New Delhi: Private housing finance lender HDFC has ruled out cut in interest rates unless cost of funds declines, even as most public sector banks have already reduced benchmark lending rates by 0.75%.
“Cost of funds is still high, so once it comes down, we will reduce interest rates,” HDFC Chairman Deepak Parekh said.
However, deposit rates are set to come down as most of the public sector banks are planning to cut the peak rate by 100 basis points in December.
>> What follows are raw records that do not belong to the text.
(* Let $\Omega$ be a non-empty bounded open subset of $\mathbf{R}^2$, let $h:\Omega\to\mathbf{R}$ be a continuous non-negative function, and let $w\in C^2(\Omega)$ satisfy in $\Omega$ the Monge–Ampère equation $w_{xx}w_{yy}-w_{xy}^2=h$. Then the gradient $(w_x,w_y):\Omega\to\mathbf{R}^2$ satisfies the convex hull-like property in $\Omega$.
   Context: A function $\psi:\mathbf{R}^2\to\mathbf{R}$ is quasi-convex if for each $r\in\mathbf{R}$ the set $\psi^{-1}(]-\infty,r])$ is convex. A continuous function $f:\Omega\to\mathbf{R}^2$ satisfies the convex hull-like property in $\Omega$ if for every continuous quasi-convex $\psi:\mathbf{R}^2\to\mathbf{R}$ there exists $x^*\in\partial\Omega$ such that $\limsup_{x\to x^*,\,x\in\Omega}\psi(f(x))=\sup_{x\in\Omega}\psi(f(x))$. *)

theory Defs
  imports "HOL-Analysis.Analysis" "HOL-Library.Liminf_Limsup"
begin

definition partial_x :: "(real \<times> real \<Rightarrow> real) \<Rightarrow> real \<times> real \<Rightarrow> real" where
  "partial_x f p = deriv (\<lambda>t. f (t, snd p)) (fst p)"

definition partial_y :: "(real \<times> real \<Rightarrow> real) \<Rightarrow> real \<times> real \<Rightarrow> real" where
  "partial_y f p = deriv (\<lambda>t. f (fst p, t)) (snd p)"

definition has_partials_on :: "(real \<times> real) set \<Rightarrow> (real \<times> real \<Rightarrow> real) \<Rightarrow> bool" where
  "has_partials_on \<Omega> f \<longleftrightarrow>
     (\<forall>p\<in>\<Omega>. (\<lambda>t. f (t, snd p)) differentiable (at (fst p)) \<and>
              (\<lambda>t. f (fst p, t)) differentiable (at (snd p)))"

definition C2_on :: "(real \<times> real) set \<Rightarrow> (real \<times> real \<Rightarrow> real) \<Rightarrow> bool" where
  "C2_on \<Omega> w \<longleftrightarrow>
     continuous_on \<Omega> w \<and>
     has_partials_on \<Omega> w \<and>
     has_partials_on \<Omega> (partial_x w) \<and> has_partials_on \<Omega> (partial_y w) \<and>
     continuous_on \<Omega> (partial_x w) \<and> continuous_on \<Omega> (partial_y w) \<and>
     continuous_on \<Omega> (partial_x (partial_x w)) \<and> continuous_on \<Omega> (partial_y (partial_x w)) \<and>
     continuous_on \<Omega> (partial_x (partial_y w)) \<and> continuous_on \<Omega> (partial_y (partial_y w))"

definition quasi_convex :: "(real \<times> real \<Rightarrow> real) \<Rightarrow> bool" where
  "quasi_convex \<psi> \<longleftrightarrow> (\<forall>r. convex {z. \<psi> z \<le> r})"

definition convex_hull_like :: "(real \<times> real) set \<Rightarrow> (real \<times> real \<Rightarrow> real \<times> real) \<Rightarrow> bool" where
  "convex_hull_like \<Omega> f \<longleftrightarrow>
     (\<forall>\<psi>. continuous_on UNIV \<psi> \<and> quasi_convex \<psi> \<longrightarrow>
        (\<exists>x\<in>frontier \<Omega>.
           Limsup (at x within \<Omega>) (\<lambda>z. ereal (\<psi> (f z))) = (SUP z\<in>\<Omega>. ereal (\<psi> (f z)))))"

end

theory Submission
  imports Defs
begin

text \<open>
  Since the Hessian H of w has determinant h \<ge> 0, it is semidefinite, so for every direction a
  the derivative v \<mapsto> a \<bullet> H v of g = a \<bullet> \<nabla>w vanishes at a only where it vanishes
  identically. Such a g cannot attain its maximum over an open set on a nonempty compact set:
  rotating a onto the first axis, slide the maximum set upwards through a compact neighbourhood
  while tilting g by a small multiple of the height; on each horizontal slice a maximiser has zero
  horizontal, hence zero vertical, derivative, so the tilted superlevel set keeps rising until it
  reaches a height where g is strictly below its maximum. Hence every superlevel set of g in a
  bounded \<Omega> accumulates at the boundary.

  Given a continuous quasi-convex \<psi>, if \<psi> \<circ> \<nabla>w attains its supremum at z0, the open
  convex set {\<psi> < \<psi> (\<nabla>w z0)} has a supporting half-plane at \<nabla>w z0, whose preimage is a
  superlevel set of some a \<bullet> \<nabla>w consisting of maximisers; it accumulates at a boundary point.
  If the supremum is not attained, a maximising sequence accumulates only at the boundary.
\<close>

lemma dist_Pair_le_abs_sum: "dist (x, y) (p :: real \<times> real) \<le> \<bar>x - fst p\<bar> + \<bar>y - snd p\<bar>"
proof -
  have "dist (x, y) p = sqrt ((dist x (fst p))\<^sup>2 + (dist y (snd p))\<^sup>2)"
    by (metis dist_Pair_Pair prod.collapse)
  also have "\<dots> \<le> \<bar>dist x (fst p)\<bar> + \<bar>dist y (snd p)\<bar>"
    by (rule sqrt_sum_squares_le_sum_abs)
  finally show ?thesis by (simp add: dist_real_def)
qed

lemma open_contains_square:
  fixes p :: "real \<times> real"
  assumes "open \<Omega>" "p \<in> \<Omega>"
  obtains r where "r > 0" "\<And>x y. \<bar>x - fst p\<bar> < r \<Longrightarrow> \<bar>y - snd p\<bar> < r \<Longrightarrow> (x, y) \<in> \<Omega>"
proof -
  obtain e where "e > 0" "ball p e \<subseteq> \<Omega>"
    using assms open_contains_ball by blast
  moreover have "(x, y) \<in> ball p e" if "\<bar>x - fst p\<bar> < e/2" "\<bar>y - snd p\<bar> < e/2" for x y
    using dist_Pair_le_abs_sum[of x y p] that by (simp add: dist_commute[of p])
  ultimately show ?thesis using that[of "e/2"] by (auto simp: subset_iff)
qed

lemma has_partials_on_partial_x:
  assumes "has_partials_on \<Omega> f" "(x, y) \<in> \<Omega>"
  shows "((\<lambda>t. f (t, y)) has_real_derivative partial_x f (x, y)) (at x)"
  using assms unfolding has_partials_on_def partial_x_def
  by (metis DERIV_deriv_iff_real_differentiable fst_conv snd_conv)

lemma has_partials_on_partial_y:
  assumes "has_partials_on \<Omega> f" "(x, y) \<in> \<Omega>"
  shows "((\<lambda>t. f (x, t)) has_real_derivative partial_y f (x, y)) (at y)"
  using assms unfolding has_partials_on_def partial_y_def
  by (metis DERIV_deriv_iff_real_differentiable fst_conv snd_conv)

lemma MVT_increment:
  assumes "0 < h" "\<And>s. a \<le> s \<Longrightarrow> s \<le> a + h \<Longrightarrow> (f has_real_derivative f' s) (at s)"
  obtains \<xi> where "a < \<xi>" "\<xi> < a + h" "f (a + h) - f a = h * f' \<xi>"
  using MVT2[of a "a + h" f f'] assms by auto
Peak deposit rates of most of the banks would come down to 9.5%.
Taking the lead, the country’s second largest public sector lender Punjab National Bank yesterday announced cutting fixed deposit rates by 25-100 basis points, besides slashing lending rates by 100 basis points to 12.5%, a move that will make auto, home and other commercial loans cheaper.
Parekh’s comments came two days after Finance Minister P Chidambaram said that the competition from PSU banks will force lenders in private sector to cut interest rates sooner than later.
In response to the measures taken by the Reserve Bank of India (RBI) to ease liquidity situation, PSU banks slashed their prime lending rates by 75 basis points, but the private sector banks are yet to make a move in this regard.
Inflation continued to fall for the third week in a row, with declining by 0.06% to 8.84% for the week ended 15 November, which may prompt RBI to ease money supply as demanded by bankers. This may help private sector banks go for a cut in their lending rates.